### THE TASK
Copy nothing from the entries below except the lines from the one containing "f \<in> Dd1" through the one containing "for \<open>H\<^sup>2\<close> gives", and copy those exactly.

### TASK INPUT
(* Let $\{\varphi_j\}_{j=1}^\infty\subseteq M(D(\delta_1))$, $\Phi=(\varphi_1,\varphi_2,\dots)$. Then: (i) $M_\Phi$ is a bounded operator from $D(\delta_1)$ to $\oplus_1^\infty D(\delta_1)$ if and only if $\sum_{j=1}^\infty\|\varphi_j\|_{D(\delta_1)}^2<\infty$ and $\sup_{z\in\mathbb{D}}\sum_{j=1}^\infty|\varphi_j(z)|^2<\infty$. (ii) If $\|M_\Phi\|\le1$ and $0<\epsilon^2\le\sum_{j=1}^\infty|\varphi_j(z)|^2$ for all $z\in\mathbb{D}$, then $\Phi(1)=(\varphi_1(1),\varphi_2(1),\dots)\neq0$. (iii) If $\|M_\Phi\|\le1$ and $f=\sum_{i=1}^\infty[\varphi_i-\varphi_i(1)]\overline{\varphi_i(1)}$, then $f\in M(D(\delta_1))$ and $f(1)=0$.
   Context: $\mathbb{D}$ is the open unit disc. $D(\delta_1)$ is the space of $f\in H^2(\mathbb{D})$ with $f=f(1)+(z-1)g$ for a constant $f(1)$ and some $g\in H^2(\mathbb{D})$, normed by $\|f\|_{D(\delta_1)}^2=\|f\|_{H^2}^2+\|g\|_{H^2}^2$; $f(1)=\lim_{r\to1^-}f(r)$. $M(D(\delta_1))=D(\delta_1)\cap H^\infty(\mathbb{D})$ is its multiplier algebra. $\oplus_1^\infty D(\delta_1)$ is the Hilbert space of sequences $(f_j)$ in $D(\delta_1)$ with $\sum_j\|f_j\|^2_{D(\delta_1)}<\infty$, and $M_\Phi f=(\varphi_jf)_{j=1}^\infty$. *)

theory Defs
  imports "HOL-Analysis.Analysis"
begin

abbreviation disc :: "complex set" where "disc \<equiv> ball 0 1"

definition taylor_coeff :: "(complex \<Rightarrow> complex) \<Rightarrow> nat \<Rightarrow> complex" where
  "taylor_coeff f n = (deriv ^^ n) f 0 / of_nat (fact n)"

definition H2 :: "(complex \<Rightarrow> complex) set" where
  "H2 = {f. f holomorphic_on disc \<and> summable (\<lambda>n. (cmod (taylor_coeff f n))\<^sup>2)}"

definition H2_norm :: "(complex \<Rightarrow> complex) \<Rightarrow> real" where
  "H2_norm f = sqrt (\<Sum>n. (cmod (taylor_coeff f n))\<^sup>2)"

text \<open>Radial boundary value at 1: f(1) = lim_{r -> 1-} f(r).\<close>
definition bv1 :: "(complex \<Rightarrow> complex) \<Rightarrow> complex" where
  "bv1 f = Lim (at_left (1::real)) (\<lambda>r. f (complex_of_real r))"

definition Dd1 :: "(complex \<Rightarrow> complex) set" where
  "Dd1 = {f. f \<in> H2 \<and> (\<exists>c g. g \<in> H2 \<and> (\<forall>z\<in>disc. f z = c + (z - 1) * g z))}"

definition Dd1_quot :: "(complex \<Rightarrow> complex) \<Rightarrow> complex \<Rightarrow> complex" where
  "Dd1_quot f z = (f z - bv1 f) / (z - 1)"

definition Dd1_norm :: "(complex \<Rightarrow> complex) \<Rightarrow> real" where
  "Dd1_norm f = sqrt ((H2_norm f)\<^sup>2 + (H2_norm (Dd1_quot f))\<^sup>2)"

text \<open>Multiplier algebra M(D(delta_1)) = D(delta_1) \<inter> H^\<infinity>.\<close>
definition MDd1 :: "(complex \<Rightarrow> complex) set" where
  "MDd1 = {f. f \<in> Dd1 \<and> bounded (f ` disc)}"

definition MPhi_bounded_by :: "(nat \<Rightarrow> complex \<Rightarrow> complex) \<Rightarrow> real \<Rightarrow> bool" where
  "MPhi_bounded_by \<Phi> C \<longleftrightarrow>
     (\<forall>f\<in>Dd1. (\<forall>j. (\<lambda>z. \<Phi> j z * f z) \<in> Dd1)
        \<and> summable (\<lambda>j. (Dd1_norm (\<lambda>z. \<Phi> j z * f z))\<^sup>2)
        \<and> (\<Sum>j. (Dd1_norm (\<lambda>z. \<Phi> j z * f z))\<^sup>2) \<le> C\<^sup>2 * (Dd1_norm f)\<^sup>2)"

definition MPhi_bounded :: "(nat \<Rightarrow> complex \<Rightarrow> complex) \<Rightarrow> bool" where
  "MPhi_bounded \<Phi> \<longleftrightarrow> (\<exists>C. MPhi_bounded_by \<Phi> C)"

end

theory Submission
  imports Defs "HOL-Complex_Analysis.Complex_Analysis"
begin

text \<open>Writing \<open>f = f(1) + (z - 1) g\<close>, the pointwise bound
  for \<open>H\<^sup>2\<close> gives \<open>|f(r) - f(1)|\<^sup>2 \<le> (1 - r) \<parallel>g\<parallel>\<^sup>2\<close>; and Parseval's identity on circles
  turns \<open>H\<^sup>2\<close> norms into circle means, so that \<open>\<Sum> |\<phi>\<^sub>j|\<^sup>2 \<le> B\<close> on the disc gives
  \<open>\<Sum> \<parallel>\<phi>\<^sub>j h\<parallel>\<^sup>2 \<le> B \<parallel>h\<parallel>\<^sup>2\<close> in \<open>H\<^sup>2\<close>.

  If \<open>M\<^sub>\<Phi>\<close> is bounded, applying it to \<open>1\<close> bounds \<open>\<Sum> \<parallel>\<phi>\<^sub>j\<parallel>\<^sup>2\<close>, and
  \<open>\<Sum>\<^sub>j\<^sub><\<^sub>N conj(\<phi>\<^sub>j(w)) \<phi>\<^sub>j\<close> is a multiplier whose value at \<open>w\<close> controls
  \<open>\<Sum> |\<phi>\<^sub>j(w)|\<^sup>2\<close>, since multipliers are bounded by their multiplier norm. Conversely
  \<open>\<phi>\<^sub>j f = \<phi>\<^sub>j(1) f(1) + (z - 1)(\<phi>\<^sub>j g + f(1) \<psi>\<^sub>j)\<close> bounds \<open>M\<^sub>\<Phi>\<close> in terms of the two
  quantities. Parts (ii) and (iii) follow from the radial estimate and from
  \<open>\<Sum> (\<phi>\<^sub>i - \<phi>\<^sub>i(1)) conj(\<phi>\<^sub>i(1)) = (z - 1) \<Sum> conj(\<phi>\<^sub>i(1)) \<psi>\<^sub>i\<close>, a series that converges
  absolutely in \<open>H\<^sup>2\<close>.\<close>

section \<open>Series and elementary inequalities\<close>

lemma cauchy_schwarz_suminf:
  fixes x y :: "nat \<Rightarrow> real"
  assumes "summable (\<lambda>n. (x n)\<^sup>2)" "summable (\<lambda>n. (y n)\<^sup>2)"
  shows "summable (\<lambda>n. \<bar>x n * y n\<bar>)"
    "(\<Sum>n. \<bar>x n * y n\<bar>) \<le> sqrt (\<Sum>n. (x n)\<^sup>2) * sqrt (\<Sum>n. (y n)\<^sup>2)"
proof -
  have le: "\<bar>x n * y n\<bar> \<le> ((x n)\<^sup>2 + (y n)\<^sup>2) / 2" for n
    using sum_squares_bound[of "\<bar>x n\<bar>" "\<bar>y n\<bar>"] by (simp add: abs_mult)
  have "summable (\<lambda>n. ((x n)\<^sup>2 + (y n)\<^sup>2) / 2)"
    using assms by (intro summable_divide summable_add)
  then show s: "summable (\<lambda>n. \<bar>x n * y n\<bar>)"
    by (rule summable_comparison_test'[where N = 0]) (use le in auto)
  show "(\<Sum>n. \<bar>x n * y n\<bar>) \<le> sqrt (\<Sum>n. (x n)\<^sup>2) * sqrt (\<Sum>n. (y n)\<^sup>2)"
  proof (rule suminf_le_const[OF s])
    fix N
    have "(\<Sum>n<N. \<bar>x n * y n\<bar>) \<le> L2_set x {..<N} * L2_set y {..<N}"
      using L2_set_mult_ineq[of x y "{..<N}"] by (simp add: abs_mult)
    also have "\<dots> \<le> sqrt (\<Sum>n. (x n)\<^sup>2) * sqrt (\<Sum>n. (y n)\<^sup>2)"
      unfolding L2_set_def
      by (intro mult_mono real_sqrt_le_mono sum_le_suminf assms)
        (auto intro: sum_nonneg suminf_nonneg assms)
    finally show "(\<Sum>n<N. \<bar>x n * y n\<bar>) \<le> \<dots>" .
  qed
qed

### YOUR SOLUTION
  "MDd1 = {f. f \<in> Dd1 \<and> bounded (f ` disc)}"

definition MPhi_bounded_by :: "(nat \<Rightarrow> complex \<Rightarrow> complex) \<Rightarrow> real \<Rightarrow> bool" where
  "MPhi_bounded_by \<Phi> C \<longleftrightarrow>
     (\<forall>f\<in>Dd1. (\<forall>j. (\<lambda>z. \<Phi> j z * f z) \<in> Dd1)
        \<and> summable (\<lambda>j. (Dd1_norm (\<lambda>z. \<Phi> j z * f z))\<^sup>2)
        \<and> (\<Sum>j. (Dd1_norm (\<lambda>z. \<Phi> j z * f z))\<^sup>2) \<le> C\<^sup>2 * (Dd1_norm f)\<^sup>2)"

definition MPhi_bounded :: "(nat \<Rightarrow> complex \<Rightarrow> complex) \<Rightarrow> bool" where
  "MPhi_bounded \<Phi> \<longleftrightarrow> (\<exists>C. MPhi_bounded_by \<Phi> C)"

end

theory Submission
  imports Defs "HOL-Complex_Analysis.Complex_Analysis"
begin

text \<open>Writing \<open>f = f(1) + (z - 1) g\<close>, the pointwise bound
  for \<open>H\<^sup>2\<close> gives \<open>|f(r) - f(1)|\<^sup>2 \<le> (1 - r) \<parallel>g\<parallel>\<^sup>2\<close>; and Parseval's identity on circles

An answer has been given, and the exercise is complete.